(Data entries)
• • •

abbreviation inflow :: "'a set \<Rightarrow> ('a \<Rightarrow> 'a \<Rightarrow> bool) \<Rightarrow> ('a \<times> 'a \<Rightarrow> nat \<Rightarrow> real) \<Rightarrow> 'a \<Rightarrow> nat \<Rightarrow> real"
  where "inflow V E y v t \<equiv> \<Sum>u \<in> {u. (u, v) \<in> arcs V E}. y (u, v) t"

locale tsm_solution =
  fixes V :: "'a set" and E :: "'a \<Rightarrow> 'a \<Rightarrow> bool" and T :: nat
    and x :: "'a \<Rightarrow> nat \<Rightarrow> real" and y :: "'a \<times> 'a \<Rightarrow> nat \<Rightarrow> real" and z :: "nat \<Rightarrow> real"
  assumes finite_V: "finite V" and feasible: "tsm_feasible V E T x y z"
begin

lemma x_binary: "v \<in> V \<Longrightarrow> t \<le> T \<Longrightarrow> x v t \<in> {0, 1}"
  using feasible unfolding tsm_feasible_def by simp

lemma y_binary: "(u, v) \<in> arcs V E \<Longrightarrow> t \<in> {1..T} \<Longrightarrow> y (u, v) t \<in> {0, 1}"
  using feasible unfolding tsm_feasible_def by blast

lemma z_binary: "t \<in> {1..T} \<Longrightarrow> z t \<in> {0, 1}"
  using feasible unfolding tsm_feasible_def by blast

lemma filled_once: "v \<in> V \<Longrightarrow> x v 0 + (\<Sum>t \<in> {1..T}. inflow V E y v t) = 1"
  using feasible unfolding tsm_feasible_def by blast

lemma y_le_x_tail: "(u, v) \<in> arcs V E \<Longrightarrow> t \<in> {1..T} \<Longrightarrow> y (u, v) t \<le> x u (t - 1)"
  using feasible unfolding tsm_feasible_def by blast

lemma y_le_x_nbhd:
  "(u, v) \<in> arcs V E \<Longrightarrow> w \<in> nbhd V E u - {v} \<Longrightarrow> t \<in> {1..T} \<Longrightarrow> y (u, v) t \<le> x w (t - 1)"
  using feasible unfolding tsm_feasible_def by blast

lemma x_step: "v \<in> V \<Longrightarrow> t \<in> {1..T} \<Longrightarrow> x v t = x v (t - 1) + inflow V E y v t"
  using feasible unfolding tsm_feasible_def by blast

lemma force_constraint:
  "(u, v) \<in> arcs V E \<Longrightarrow> t \<in> {1..T} \<Longrightarrow>
    x u (t - 1) - x v (t - 1) + (\<Sum>w \<in> nbhd V E u - {v}. x w (t - 1))
      \<le> inflow V E y v t + real (deg V E u) - 1"
  using feasible unfolding tsm_feasible_def by blast

lemma z_lower: "t \<in> {1..T} \<Longrightarrow> (1 / real (card V)) * (\<Sum>v \<in> V. x v t - x v (t - 1)) \<le> z t"
  using feasible unfolding tsm_feasible_def by fastforce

• • •

Exercise details:
Copy out the lines of the records above in which the string "arcs" appears.

Answer box:
  where "inflow V E y v t \<equiv> \<Sum>u \<in> {u. (u, v) \<in> arcs V E}. y (u, v) t"
lemma y_binary: "(u, v) \<in> arcs V E \<Longrightarrow> t \<in> {1..T} \<Longrightarrow> y (u, v) t \<in> {0, 1}"
lemma y_le_x_tail: "(u, v) \<in> arcs V E \<Longrightarrow> t \<in> {1..T} \<Longrightarrow> y (u, v) t \<le> x u (t - 1)"
  "(u, v) \<in> arcs V E \<Longrightarrow> w \<in> nbhd V E u - {v} \<Longrightarrow> t \<in> {1..T} \<Longrightarrow> y (u, v) t \<le> x w (t - 1)"
  "(u, v) \<in> arcs V E \<Longrightarrow> t \<in> {1..T} \<Longrightarrow>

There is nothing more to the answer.